§ **TASK INSTRUCTIONS**: Every entry has to be restated word for word.

§ **Collected data**:
(* Let $P$ be a finite graded poset with $\hat0$ and let $\lambda$ be an ER-labeling of $P$ satisfying the rank two switching property and such that in each interval of $P$ distinct ascent-free maximal chains have distinct words of labels. Then $\lambda$ satisfies the rank two switching property, the braid relation and the cancellative property.
   Context: An E-labeling is a map $\lambda$ from the cover relations of $P$ to a poset $\Lambda$. The word of labels of a saturated chain $x_0\lessdot\cdots\lessdot x_\ell$ is $\lambda(x_0\lessdot x_1)\cdots\lambda(x_{\ell-1}\lessdot x_\ell)$; the chain is increasing if the word is strictly increasing, ascent-free if no $i$ has $\lambda(x_{i-1}\lessdot x_i)<\lambda(x_i\lessdot x_{i+1})$. ER-labeling: every closed interval has exactly one increasing maximal chain. Rank two switching property: for every saturated chain $\hat0=x_0\lessdot\cdots\lessdot x_k$ and every $i$ with $\lambda(x_{i-1}\lessdot x_i)<\lambda(x_i\lessdot x_{i+1})$ there is a unique $x_i'$ with $x_{i-1}\lessdot x_i'\lessdot x_{i+1}$, $\lambda(x_{i-1}\lessdot x_i')=\lambda(x_i\lessdot x_{i+1})$, $\lambda(x_i'\lessdot x_{i+1})=\lambda(x_{i-1}\lessdot x_i)$. Quadratic exchange: for a maximal chain $\mathbf c$ of an interval with an ascent at position $i$, $U_i(\mathbf c)$ replaces $x_i$ by $x_i'$; otherwise $U_i(\mathbf c)=\mathbf c$. For maximal chains of an interval, $\mathbf c_1\sim_\lambda\mathbf c_2$ means they are connected by a sequence of quadratic exchanges (forwards or backwards) within that interval. Braid relation: whenever a maximal chain $\mathbf c$ of an interval has strictly increasing labels at three consecutive positions $i,i+1,i+2$, $U_iU_{i+1}U_i(\mathbf c)=U_{i+1}U_iU_{i+1}(\mathbf c)$. Cancellative property: for all $z<x<y$, every maximal chain $\mathbf c$ of $[z,x]$ and maximal chains $\mathbf c_1,\mathbf c_2$ of $[x,y]$, $\mathbf c\cup\mathbf c_1\sim_\lambda\mathbf c\cup\mathbf c_2$ implies $\mathbf c_1\sim_\lambda\mathbf c_2$. *)

theory Defs
  imports Main
begin

text \<open>An edge labeling is a function
  lam :: 'a => 'a => 'l into a poset 'l; only its values on cover
  relations matter.\<close>

definition covers :: "'a::order set \<Rightarrow> 'a \<Rightarrow> 'a \<Rightarrow> bool" where
  "covers P x y \<longleftrightarrow> x \<in> P \<and> y \<in> P \<and> x < y \<and> \<not> (\<exists>z\<in>P. x < z \<and> z < y)"

definition is_bottom :: "'a::order set \<Rightarrow> 'a \<Rightarrow> bool" where
  "is_bottom P z \<longleftrightarrow> z \<in> P \<and> (\<forall>x\<in>P. z \<le> x)"

definition graded :: "'a::order set \<Rightarrow> bool" where
  "graded P \<longleftrightarrow> (\<exists>\<rho>::'a \<Rightarrow> nat. \<forall>x y. covers P x y \<longrightarrow> \<rho> y = \<rho> x + 1)"

definition saturated :: "'a::order set \<Rightarrow> 'a list \<Rightarrow> bool" where
  "saturated P c \<longleftrightarrow> c \<noteq> [] \<and> (\<forall>i. Suc i < length c \<longrightarrow> covers P (c ! i) (c ! Suc i))"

§ **ANSWER FOR THIS EXERCISE**:
(* Let $P$ be a finite graded poset with $\hat0$ and let $\lambda$ be an ER-labeling of $P$ satisfying the rank two switching property and such that in each interval of $P$ distinct ascent-free maximal chains have distinct words of labels. Then $\lambda$ satisfies the rank two switching property, the braid relation and the cancellative property.
   Context: An E-labeling is a map $\lambda$ from the cover relations of $P$ to a poset $\Lambda$. The word of labels of a saturated chain $x_0\lessdot\cdots\lessdot x_\ell$ is $\lambda(x_0\lessdot x_1)\cdots\lambda(x_{\ell-1}\lessdot x_\ell)$; the chain is increasing if the word is strictly increasing, ascent-free if no $i$ has $\lambda(x_{i-1}\lessdot x_i)<\lambda(x_i\lessdot x_{i+1})$. ER-labeling: every closed interval has exactly one increasing maximal chain. Rank two switching property: for every saturated chain $\hat0=x_0\lessdot\cdots\lessdot x_k$ and every $i$ with $\lambda(x_{i-1}\lessdot x_i)<\lambda(x_i\lessdot x_{i+1})$ there is a unique $x_i'$ with $x_{i-1}\lessdot x_i'\lessdot x_{i+1}$, $\lambda(x_{i-1}\lessdot x_i')=\lambda(x_i\lessdot x_{i+1})$, $\lambda(x_i'\lessdot x_{i+1})=\lambda(x_{i-1}\lessdot x_i)$. Quadratic exchange: for a maximal chain $\mathbf c$ of an interval with an ascent at position $i$, $U_i(\mathbf c)$ replaces $x_i$ by $x_i'$; otherwise $U_i(\mathbf c)=\mathbf c$. For maximal chains of an interval, $\mathbf c_1\sim_\lambda\mathbf c_2$ means they are connected by a sequence of quadratic exchanges (forwards or backwards) within that interval. Braid relation: whenever a maximal chain $\mathbf c$ of an interval has strictly increasing labels at three consecutive positions $i,i+1,i+2$, $U_iU_{i+1}U_i(\mathbf c)=U_{i+1}U_iU_{i+1}(\mathbf c)$. Cancellative property: for all $z<x<y$, every maximal chain $\mathbf c$ of $[z,x]$ and maximal chains $\mathbf c_1,\mathbf c_2$ of $[x,y]$, $\mathbf c\cup\mathbf c_1\sim_\lambda\mathbf c\cup\mathbf c_2$ implies $\mathbf c_1\sim_\lambda\mathbf c_2$. *)

theory Defs
  imports Main
begin

text \<open>An edge labeling is a function
  lam :: 'a => 'a => 'l into a poset 'l; only its values on cover
  relations matter.\<close>

definition covers :: "'a::order set \<Rightarrow> 'a \<Rightarrow> 'a \<Rightarrow> bool" where
  "covers P x y \<longleftrightarrow> x \<in> P \<and> y \<in> P \<and> x < y \<and> \<not> (\<exists>z\<in>P. x < z \<and> z < y)"

definition is_bottom :: "'a::order set \<Rightarrow> 'a \<Rightarrow> bool" where
  "is_bottom P z \<longleftrightarrow> z \<in> P \<and> (\<forall>x\<in>P. z \<le> x)"

definition graded :: "'a::order set \<Rightarrow> bool" where
  "graded P \<longleftrightarrow> (\<exists>\<rho>::'a \<Rightarrow> nat. \<forall>x y. covers P x y \<longrightarrow> \<rho> y = \<rho> x + 1)"

definition saturated :: "'a::order set \<Rightarrow> 'a list \<Rightarrow> bool" where
  "saturated P c \<longleftrightarrow> c \<noteq> [] \<and> (\<forall>i. Suc i < length c \<longrightarrow> covers P (c ! i) (c ! Suc i))"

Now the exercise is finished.